A Training-Free Style-aligned Image Generation with Scale-wise Autoregressive Model
Jihun Park, Jongmin Gim, Kyoungmin Lee, Minseok Oh, Minwoo Choi, Jaeyeul Kim, Woo Chool Park, Sunghoon Im
TL;DR
The paper tackles style misalignment and slow inference in large-scale text-to-image generation by introducing a training-free framework built on a scale-wise autoregressive model. It analyzes next-scale prediction to identify when RGB statistics, object placement, and style are established, and then applies three interventions—initial feature replacement, pivotal feature interpolation, and dynamic style injection—to align style across a set of images while preserving content.

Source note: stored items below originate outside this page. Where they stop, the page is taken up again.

text \<open>The heart of the argument is that every vertex of a hypo-unique domination graph \<open>G\<close>
of order at least 3 is \<open>\<gamma>\<close>-critical, so \<open>\<gamma>(G - v) = \<gamma>(G) - 1\<close> for all \<open>v\<close>.  The tool is a
swapping argument: if \<open>S\<close> is the unique \<open>\<gamma>\<close>-set of some \<open>G - u\<close> and \<open>a \<in> S\<close> has a neighbour
\<open>y\<close>, then exchanging \<open>a\<close> for \<open>y\<close> would give a second \<open>\<gamma>\<close>-set unless \<open>a\<close> has an external
private neighbour other than \<open>y\<close>.  From this one shows that some vertex is critical (otherwise
two \<open>\<gamma>\<close>-sets of \<open>G\<close> would cover \<open>V\<close> and be matched by private neighbours), that no critical
vertex is adjacent to a non-critical one, and that no proper nonempty vertex set \<open>A\<close> is closed
under adjacency (the \<open>\<gamma>\<close>-sets of \<open>G - a\<close> and \<open>G - b\<close> for \<open>a \<in> A\<close>, \<open>b \<notin> A\<close> would determine
every \<open>\<gamma>\<close>-set of \<open>G\<close>).

Given criticality, a critical vertex \<open>w\<close> of \<open>G - x\<close> is impossible: a \<open>\<gamma>\<close>-set \<open>T\<close> of
\<open>G - x - w\<close> extended by \<open>w\<close> or by a neighbour \<open>y \<noteq> x\<close> of \<open>w\<close> gives two \<open>\<gamma>\<close>-sets of \<open>G - x\<close>,
and if \<open>x\<close> is the only neighbour of \<open>w\<close> then \<open>T \<union> {x}\<close> dominates \<open>G\<close> with \<open>\<gamma>(G) - 1\<close>
vertices.  Part (ii) follows because the \<open>\<gamma>\<close>-set of \<open>G - x\<close> still dominates \<open>G - x - y\<close> when
it avoids \<open>y\<close>.\<close>

definition external_private_neighbour ::
    "('a \<Rightarrow> 'a \<Rightarrow> bool) \<Rightarrow> 'a set \<Rightarrow> 'a set \<Rightarrow> 'a \<Rightarrow> 'a \<Rightarrow> bool" where
  "external_private_neighbour E W S a q \<longleftrightarrow> q \<in> W - S \<and> E a q \<and> (\<forall>s \<in> S - {a}. \<not> E s q)"

lemma dominating_subset: "dominating E W D \<Longrightarrow> D \<subseteq> W"
  by (simp add: dominating_def)

lemma dominating_restrict: "dominating E W D \<Longrightarrow> D \<subseteq> W' \<Longrightarrow> W' \<subseteq> W \<Longrightarrow> dominating E W' D"
  unfolding dominating_def by blast

lemma dominating_insert:
  assumes "dominating E (W - {z}) D" "y \<in> W" "y = z \<or> E y z"
  shows "dominating E W (insert y D)"
  using assms unfolding dominating_def by blast

lemma dominating_extend:
  assumes "dominating E (W - {z}) D" "u \<in> D" "E u z"
  shows "dominating E W D"
  using assms unfolding dominating_def by blast

lemma dominating_Diff_no_private_neighbour:
  assumes "dominating E W S" "a \<in> S" "\<nexists>q. external_private_neighbour E W S a q"
  shows "dominating E (W - {a}) (S - {a})"
  unfolding dominating_def
proof (intro conjI ballI)
  show "S - {a} \<subseteq> W - {a}"
    using assms(1) dominating_subset by blast
next
  fix v assume v: "v \<in> W - {a} - (S - {a})"
  then obtain u where u: "u \<in> S" "E u v"
    using assms(1) unfolding dominating_def by blast
  have "\<not> external_private_neighbour E W S a v"
    using assms(3) by blast
  then show "\<exists>u \<in> S - {a}. E u v"
    using u v unfolding external_private_neighbour_def by (cases "u = a") auto
qed

lemma dominating_swap:
  assumes "dominating E W S" "a \<in> S" "y \<in> W" "E y a"
    and "\<And>q. external_private_neighbour E W S a q \<Longrightarrow> q = y"
  shows "dominating E W (insert y (S - {a}))"
  unfolding dominating_def
proof (intro conjI ballI)
  show "insert y (S - {a}) \<subseteq> W"
    using assms(1,3) dominating_subset by blast
next
  fix v assume v: "v \<in> W - insert y (S - {a})"
  show "\<exists>u \<in> insert y (S - {a}). E u v"
  proof (cases "v = a")
    case True
    then show ?thesis
      using assms(4) by blast
  next
    case False
    then obtain u where u: "u \<in> S" "E u v"
      using assms(1) v unfolding dominating_def by blast
    show ?thesis
    proof (cases "u = a")
      case True
      have "\<not> external_private_neighbour E W S a v"
        using assms(5) v by blast
      then obtain s where "s \<in> S - {a}" "E s v"
        using u v False True unfolding external_private_neighbour_def by blast
      then show ?thesis
        by blast
    next
      case False
      then show ?thesis
        using u by blast
    qed
  qed
qed

lemma dominating_glue:
  assumes "dominating E W1 X" "dominating E W2 Y"
    and "W \<inter> A \<subseteq> W1" "W - A \<subseteq> W2" "X \<inter> A \<subseteq> W" "Y - A \<subseteq> W"
    and "\<And>u v. E u v \<Longrightarrow> u \<in> A \<longleftrightarrow> v \<in> A"
  shows "dominating E W ((X \<inter> A) \<union> (Y - A))"
  unfolding dominating_def
proof (intro conjI ballI)
  show "X \<inter> A \<union> (Y - A) \<subseteq> W"
    using assms(5,6) by blast
next
  fix v assume v: "v \<in> W - (X \<inter> A \<union> (Y - A))"
  show "\<exists>u \<in> X \<inter> A \<union> (Y - A). E u v"
  proof (cases "v \<in> A")
    case True
    then obtain u where "u \<in> X" "E u v"
      using assms(1,3) v unfolding dominating_def by blast
    then show ?thesis
      using assms(7) True by blast
  next
    case False
    then obtain u where "u \<in> Y" "E u v"
      using assms(2,4) v unfolding dominating_def by blast
    then show ?thesis
      using assms(7) False by blast
  qed
qed

lemma gamma_le_card:
  assumes "finite W" "dominating E W D"
  shows "gamma E W \<le> card D"
proof -
  have "card ` {D. dominating E W D} \<subseteq> {..card W}"
    using assms by (auto simp: dominating_def intro: card_mono)
  then have "finite (card ` {D. dominating E W D})"
    using finite_subset by blast
  then show ?thesis
    unfolding gamma_def using assms(2) by (intro Min_le) auto
qed

lemma ex_gamma_set:
  assumes "finite W"
  shows "\<exists>D. gamma_set E W D"
proof -
  have "card ` {D. dominating E W D} \<subseteq> {..card W}"
    using assms by (auto simp: dominating_def intro: card_mono)
  then have "finite (card ` {D. dominating E W D})"
    using finite_subset by blast
  moreover have "dominating E W W"
    by (simp add: dominating_def)
  ultimately have "gamma E W \<in> card ` {D. dominating E W D}"
    unfolding gamma_def by (intro Min_in) auto
  then show ?thesis
    unfolding gamma_set_def by auto
qed

lemma gamma_setI:
  assumes "finite W" "dominating E W D" "card D \<le> gamma E W"
  shows "gamma_set E W D"
  using gamma_le_card[OF assms(1,2)] assms unfolding gamma_set_def by simp

lemma gamma_set_finite: "finite W \<Longrightarrow> gamma_set E W D \<Longrightarrow> finite D"
  unfolding gamma_set_def dominating_def using finite_subset by blast

lemma gamma_le_gamma_delete:
  assumes "finite W" "z \<in> W"
  shows "gamma E W \<le> gamma E (W - {z}) + 1"
proof -
  obtain T where T: "gamma_set E (W - {z}) T"
    using ex_gamma_set assms(1) by blast
  then have "dominating E W (insert z T)"
    using assms(2) by (intro dominating_insert) (auto simp: gamma_set_def)
  then have "gamma E W \<le> card (insert z T)"
    using gamma_le_card assms(1) by blast
  also have "\<dots> \<le> card T + 1"
    using gamma_set_finite[OF _ T] assms(1) by (simp add: card_insert_if)
  finally show ?thesis
    using T unfolding gamma_set_def by simp
qed

lemma critical_if_no_private_neighbour:
  assumes "finite W" "gamma_set E W D" "a \<in> D"
    and "\<nexists>q. external_private_neighbour E W D a q"
  shows "gamma_critical E W a"
proof -
  have "dominating E (W - {a}) (D - {a})"
    using assms by (intro dominating_Diff_no_private_neighbour) (auto simp: gamma_set_def)
  then have "gamma E (W - {a}) \<le> card (D - {a})"
    using gamma_le_card assms(1) by blast
  also have "\<dots> < card D"
    using gamma_set_finite assms by (intro card_Diff1_less) auto
  finally show ?thesis
    using assms unfolding gamma_critical_def gamma_set_def dominating_def by auto
qed

lemma gamma_set_member_has_private_neighbour:
  assumes "finite W" "gamma_set E W D" "a \<in> D" "u \<in> D - {a}" "E u a"
  shows "\<exists>q. external_private_neighbour E W D a q"
proof (rule ccontr)
  assume "\<nexists>q. external_private_neighbour E W D a q"
  then have "dominating E (W - {a}) (D - {a})"
    using assms by (intro dominating_Diff_no_private_neighbour) (auto simp: gamma_set_def)
  then have "dominating E W (D - {a})"
    using assms(4,5) by (rule dominating_extend)
  then have "gamma E W \<le> card (D - {a})"
    using gamma_le_card assms(1) by blast
  moreover have "card (D - {a}) < card D"
    using gamma_set_finite assms by (intro card_Diff1_less) auto
  ultimately show False
    using assms(2) unfolding gamma_set_def by simp
qed

text \<open>Otherwise exchanging \<open>a\<close> for \<open>y\<close> in \<open>S\<close> gives a second \<open>\<gamma>\<close>-set.\<close>
lemma unique_gamma_set_private_neighbour:
  assumes "finite W" "gamma_set E W S" "\<And>D. gamma_set E W D \<Longrightarrow> D = S"
    and "a \<in> S" "y \<in> W" "E y a" "y \<noteq> a"
  shows "\<exists>q. external_private_neighbour E W S a q \<and> q \<noteq> y"
proof (rule ccontr)
  assume "\<not> ?thesis"
  then have only_y: "\<And>q. external_private_neighbour E W S a q \<Longrightarrow> q = y"
    by blast
  have "dominating E W S"
    using assms(2) by (simp add: gamma_set_def)
  then have "dominating E W (insert y (S - {a}))"
    using assms(4-6) only_y by (rule dominating_swap)
  moreover have "card (insert y (S - {a})) \<le> card S"
  proof -
    have "card (insert y (S - {a})) \<le> Suc (card (S - {a}))"
      by (simp add: card_insert_le_m1)
    also have "\<dots> = card S"
      using gamma_set_finite[OF assms(1,2)] assms(4) by (rule card_Suc_Diff1)
    finally show ?thesis .
  qed
  ultimately have "gamma_set E W (insert y (S - {a}))"
    using assms(1,2) by (intro gamma_setI) (auto simp: gamma_set_def)
  then have "insert y (S - {a}) = S"
    by (rule assms(3))
  then have "a \<in> insert y (S - {a})"
    using assms(4) by simp
  then show False
    using assms(7) by simp
qed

Empirical results show competitive generation quality, superior style consistency, and substantially faster inference (over sixfold faster than the fastest baselines) with robust ablations and user studies supporting the approach. The method also demonstrates generalization to other models, indicating broad applicability to efficient, style-consistent T2I generation without additional training.
Abstract
We present a training-free style-aligned image generation method that leverages a scale-wise autoregressive model. While large-scale text-to-image (T2I) models, particularly diffusion-based methods, have demonstrated impressive generation quality, they often suffer from style misalignment across generated image sets and slow inference speeds, limiting their practical usability. To address these issues, we propose three key components: initial feature replacement to ensure consistent background appearance, pivotal feature interpolation to align object placement, and dynamic style injection, which reinforces style consistency using a schedule function. Unlike previous methods requiring fine-tuning or additional training, our approach maintains fast inference while preserving individual content details. Extensive experiments show that our method achieves generation quality comparable to competing approaches, significantly improves style alignment, and delivers inference speeds over six times faster than the fastest model.